While they worked, Liu studied his monstrous captors. He learned many things, though none swayed him from his new goal. His new purpose. Liu learned how to examine his own abilities better than they could ever have hoped, and in so doing learned what his power was becoming. What it was destined to become.
By the time Liu finally ‘woke’, it was with the knowledge and burden of having lived many lifetimes through the eyes and sensations of others. Even so, and even through the crumbling of his own sanity, Liu never lost sight of his family’s ideals. It was just that now he had the wisdom to see what failure to follow them led to. Now he knew what those with corrupt values did when given power.
He would not be like them. For Liu knew what was right, and as his eyes opened he realized had so much power. More than enough to do what was necessary.
With a wave of his hand, Liu erased the rest of those who had committed heinous acts while he had slept. All of them. By standing up, Liu flattened the remnants of the bunker and created a new crater in the ground where their sickening facilities had once stood. Though this act left Liu floating in the air, the young man’s power prevented him from falling. Another use of it filled the crater in, and a third caused nature to rapidly restore order to the devastated ground. Fields of flora regrew, berry-filled bushes sprang up, and blossoming trees emerged as if from nowhere.
Liu’s power was not inexhaustible however.
The young boy coughed up a mouthful of blood, and his vision blurred for the first time in weeks as he fell two stories to the ground. The landing was more relief than pain because for a moment, the cacophony inside his mind quieted. It would come back soon he knew, but for a time Liu simply lay there. He had overexerted himself just now, but it had been worth it. Some impressions you chose to make were worth the suffering that came after. Liu knew that now, though the young prodigy could not have said exactly how.
As his senses returned, Liu felt others rapidly approaching his position. They wanted to know what had happened. He could hear them discussing it. Feel their confusion and concern. Most were even on their way to help, and several had managed to spot him. Even as they rushed forward, he heard the questions they planned to ask him. Questions Liu could answer, if he were inclined to.
Doing is better than talking. His grandfather Kai had often told him, and the memory was as crystal clear as if he were experiencing it for the first time. Nothing is impossible to a willing mind, Liu.
Picking himself slowly and shakily off the ground, Liu steeled his nerves and his now-weakened body, and swore to honor his late grandfather’s wisdom.
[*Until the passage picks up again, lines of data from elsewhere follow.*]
(* Fix an integer $r\ge1$, let $\mathrm{J}=e^{2\pi\mathrm{I}/r}$ with $\mathrm{I}^2=-1$, and consider the curve $x=-y^r+\log y$, i.e. $e^x=ye^{-y^r}$, near $y=0$. For $i\in\{0,\dots,r-1\}$ define $$\xi_i=\frac{\mathrm{I}\sqrt2\,r^{-\frac12-\frac1r}\mathrm{J}^i}{r^{-1/r}\mathrm{J}^i-y},$$ and for $a\in\{0,\dots,r-1\}$ define $\tilde\xi_a=\sum_{i=0}^{r-1}r^{-1}\mathrm{J}^{-(a+1)i}\xi_i$. Then, as functions of $x$ expanded near $y=0$, $$\tilde\xi_a=\mathrm{I}\sqrt2\,r^{\frac12-\frac{a+1}r}\sum_{n=0}^\infty\frac{(rn+r-a-1)^n}{n!}e^{(rn+r-a-1)x}.$$ *)

theory Defs
  imports "HOL-Analysis.Analysis"
begin

definition J :: "nat \<Rightarrow> complex" where
  "J r = exp (2 * of_real pi * \<i> / of_nat r)"

definition xi :: "nat \<Rightarrow> nat \<Rightarrow> complex \<Rightarrow> complex" where
  "xi r i y = \<i> * of_real (sqrt 2) * of_real (real r powr (-1/2 - 1/real r)) * J r ^ i
      / (of_real (real r powr (-1/real r)) * J r ^ i - y)"

definition xit :: "nat \<Rightarrow> nat \<Rightarrow> complex \<Rightarrow> complex" where
  "xit r a y = (\<Sum>i<r. (1 / of_nat r) * J r powi (- (int (a+1) * int i)) * xi r i y)"

end

(*
  Put v = y^r and m = r - a - 1. Since exp x = y exp (-v), the n-th term of the series is
  i sqrt 2 r^(1/2 - (a+1)/r) y^m times (r n + m)^n / n! v^n exp (-(r n + m) v), and these terms sum to
  1 / (1 - r v) by the Lagrange inversion identity
    sum_n (alpha n + beta)^n / n! v^n exp (-(alpha n + beta) v) = 1 / (1 - alpha v)   (v small).
  To prove the identity, expand each exponential: the resulting double series converges absolutely,
  and its N-th antidiagonal sums to (alpha v)^N because the N-th finite difference of the
  polynomial (alpha n + beta)^N is N! alpha^N.

  On the other side, the poles rho J^i (rho = r^(-1/r)) of the xi_i are the r-th roots of 1/r.
  Expanding each 1/(rho J^i - y) as a finite geometric sum in y/(rho J^i), the root-of-unity average
  defining the tilde-xi_a keeps only the power y^m, so tilde-xi_a = i sqrt 2 r^(1/2 - (a+1)/r) y^m / (1 - r v).
*)

theory Submission
  imports Defs
begin

lemma sum_alternating_binomial_power:
  assumes "j \<le> N"
  shows "(\<Sum>n\<le>N. (-1) ^ n * of_nat (N choose n) * of_nat n ^ j :: 'a::{comm_ring_1,ring_char_0})
         = (if j = N then (-1) ^ N * fact N else 0)"
  using assms
proof (induction N arbitrary: j)
  case 0
  then show ?case by simp
next
  case (Suc N)
  show ?case
  proof (cases j)
    case 0
    then show ?thesis
      using choose_alternating_sum[of "Suc N", where 'a='a] by simp
  next
    case (Suc i)
    have "i \<le> N" using Suc.prems Suc by simp
    have "(\<Sum>n\<le>Suc N. (-1) ^ n * of_nat (Suc N choose n) * of_nat n ^ j :: 'a)
        = (\<Sum>k\<le>N. (-1) ^ Suc k * of_nat (Suc k * (Suc N choose Suc k)) * of_nat (Suc k) ^ i)"
      by (subst sum.atMost_Suc_shift) (simp add: Suc algebra_simps)
    also have "\<dots> = - of_nat (Suc N) * (\<Sum>k\<le>N. (-1) ^ k * of_nat (N choose k) * (of_nat k + 1) ^ i)"
      by (simp only: Suc_times_binomial of_nat_mult) (simp add: sum_distrib_left algebra_simps)
    also have "(\<Sum>k\<le>N. (-1) ^ k * of_nat (N choose k) * (of_nat k + 1) ^ i :: 'a)
        = (\<Sum>k\<le>N. \<Sum>l\<le>i. of_nat (i choose l) * ((-1) ^ k * of_nat (N choose k) * of_nat k ^ l))"
      by (intro sum.cong refl) (simp add: binomial_ring sum_distrib_left mult_ac)
    also have "\<dots> = (\<Sum>l\<le>i. of_nat (i choose l) * (\<Sum>k\<le>N. (-1) ^ k * of_nat (N choose k) * of_nat k ^ l))"
      by (subst sum.swap) (simp add: sum_distrib_left)
    also have "\<dots> = (\<Sum>l\<le>i. if l = N then of_nat (i choose l) * ((-1) ^ N * fact N) else 0)"
      using \<open>i \<le> N\<close> Suc.IH by (intro sum.cong) auto
    also have "\<dots> = (if i = N then (-1) ^ N * fact N else 0)"
      using \<open>i \<le> N\<close> by (auto simp: sum.delta)
    finally show ?thesis using Suc \<open>i \<le> N\<close> by (auto simp: algebra_simps)
  qed
qed

lemma sum_alternating_binomial_linear_power:
  fixes \<alpha> \<beta> :: "'a::{comm_ring_1,ring_char_0}"
  shows "(\<Sum>n\<le>N. (-1) ^ n * of_nat (N choose n) * (\<alpha> * of_nat n + \<beta>) ^ N) = (-1) ^ N * fact N * \<alpha> ^ N"
proof -
  define c where "c j = of_nat (N choose j) * \<alpha> ^ j * \<beta> ^ (N - j)" for j
  have "(\<alpha> * of_nat n + \<beta>) ^ N = (\<Sum>j\<le>N. c j * of_nat n ^ j)" for n
    unfolding binomial_ring c_def by (simp add: power_mult_distrib mult_ac)
  then have "(\<Sum>n\<le>N. (-1) ^ n * of_nat (N choose n) * (\<alpha> * of_nat n + \<beta>) ^ N)
      = (\<Sum>n\<le>N. \<Sum>j\<le>N. c j * ((-1) ^ n * of_nat (N choose n) * of_nat n ^ j))"
    by (simp only: sum_distrib_left mult_ac)
  also have "\<dots> = (\<Sum>j\<le>N. c j * (\<Sum>n\<le>N. (-1) ^ n * of_nat (N choose n) * of_nat n ^ j))"
    by (subst sum.swap) (simp only: sum_distrib_left)
  also have "\<dots> = (\<Sum>j\<le>N. if j = N then c N * ((-1) ^ N * fact N) else 0)"
    by (intro sum.cong refl) (simp add: sum_alternating_binomial_power)
  finally show ?thesis
    by (simp add: c_def)
qed

definition lagrange_double_term :: "'a::field_char_0 \<Rightarrow> 'a \<Rightarrow> 'a \<Rightarrow> nat \<Rightarrow> nat \<Rightarrow> 'a" where
  "lagrange_double_term \<alpha> \<beta> v n k =
     (\<alpha> * of_nat n + \<beta>) ^ n / fact n * v ^ n * (- (\<alpha> * of_nat n + \<beta>) * v) ^ k / fact k"

lemma sum_lagrange_double_term_antidiagonal:
  fixes \<alpha> \<beta> v :: "'a::field_char_0"
  shows "(\<Sum>n\<le>N. lagrange_double_term \<alpha> \<beta> v n (N - n)) = (\<alpha> * v) ^ N"
proof -
  have "lagrange_double_term \<alpha> \<beta> v n (N - n)
      = (-1) ^ N * v ^ N / fact N * ((-1) ^ n * of_nat (N choose n) * (\<alpha> * of_nat n + \<beta>) ^ N)"
    if "n \<le> N" for n
  proof -
    have "(-1 :: 'a) ^ (N - n) = (-1) ^ (N - n + 2 * n)"
      by (simp add: power_add power_mult)
    also have "\<dots> = (-1) ^ N * (-1) ^ n"
      using that by (simp add: add.commute flip: power_add)
    finally have "(-1 :: 'a) ^ (N - n) = (-1) ^ N * (-1) ^ n" .
    define x where "x = \<alpha> * of_nat n + \<beta>"
    have "lagrange_double_term \<alpha> \<beta> v n (N - n)
        = x ^ n * x ^ (N - n) * (v ^ n * v ^ (N - n)) * (-1) ^ (N - n) / (fact n * fact (N - n))"
      unfolding lagrange_double_term_def x_def[symmetric]
      by (simp add: power_mult_distrib power_minus' mult_ac)
    also have "\<dots> = x ^ N * v ^ N * ((-1) ^ N * (-1) ^ n) / (fact n * fact (N - n))"
      using that by (simp add: \<open>(-1 :: 'a) ^ (N - n) = (-1) ^ N * (-1) ^ n\<close> flip: power_add)
    also have "\<dots> = (-1) ^ N * v ^ N / fact N * ((-1) ^ n * of_nat (N choose n) * x ^ N)"
      by (simp add: binomial_fact[OF that] field_simps)
    finally show ?thesis by (simp add: x_def)
  qed
  then have "(\<Sum>n\<le>N. lagrange_double_term \<alpha> \<beta> v n (N - n))
      = (-1) ^ N * v ^ N / fact N * (\<Sum>n\<le>N. (-1) ^ n * of_nat (N choose n) * (\<alpha> * of_nat n + \<beta>) ^ N)"
    by (simp add: sum_distrib_left)
  also have "\<dots> = (\<alpha> * v) ^ N"
    by (simp add: sum_alternating_binomial_linear_power power_mult_distrib flip: power_add mult_2)
  finally show ?thesis .
qed

lemma exp_series_sums: "(\<lambda>k. z ^ k / fact k) sums exp (z :: 'a::{real_normed_field,banach})"
  using exp_converges[of z] by (simp add: scaleR_conv_of_real divide_inverse mult.commute)

lemma power_div_fact_le_exp:
  fixes x :: real
  assumes "x \<ge> 0"
  shows "x ^ n / fact n \<le> exp x"
  using sum_le_suminf[OF sums_summable[OF exp_series_sums[of x]], of "{n}"] assms
  by (simp add: sums_unique[OF exp_series_sums, symmetric])

lemma lagrange_double_term_row_has_sum:
  fixes \<alpha> \<beta> v :: complex
  shows "((\<lambda>k. lagrange_double_term \<alpha> \<beta> v n k) has_sum
           ((\<alpha> * of_nat n + \<beta>) ^ n / fact n * v ^ n * exp (- (\<alpha> * of_nat n + \<beta>) * v))) UNIV"
proof (rule norm_summable_imp_has_sum)
  define c where "c = (\<alpha> * of_nat n + \<beta>) ^ n / fact n * v ^ n"
  define z where "z = - (\<alpha> * of_nat n + \<beta>) * v"
  have row_term: "lagrange_double_term \<alpha> \<beta> v n k = c * (z ^ k / fact k)" for k
    by (simp add: lagrange_double_term_def c_def z_def)
  show "(\<lambda>k. lagrange_double_term \<alpha> \<beta> v n k) sums (c * exp z)"
    unfolding row_term by (rule sums_mult[OF exp_series_sums])
  show "summable (\<lambda>k. norm (lagrange_double_term \<alpha> \<beta> v n k))"
    unfolding row_term norm_mult
    by (rule summable_mult) (use sums_summable[OF exp_series_sums[of "norm z"]] in \<open>simp add: norm_divide norm_power\<close>)
qed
He would not waste time talking.
Doing is better than talking. Kai had instructed him. The Americans have a saying: “One picture is worth a thousand words.”. They say this because pictures are paintings of our actions, and to paint your own actions is to never need words to justify them to others. They will simply know the quality of who you are, rather than having to be told.
Swallowing the blood and bile in his oddly parched throat, Liu’s gaze firmed. Cold eyes tracked those who approached, and his stance steadied. Power flooded him once more, and under his firm will Liu’s body ceased its swaying.
Then, the young prodigy began to paint.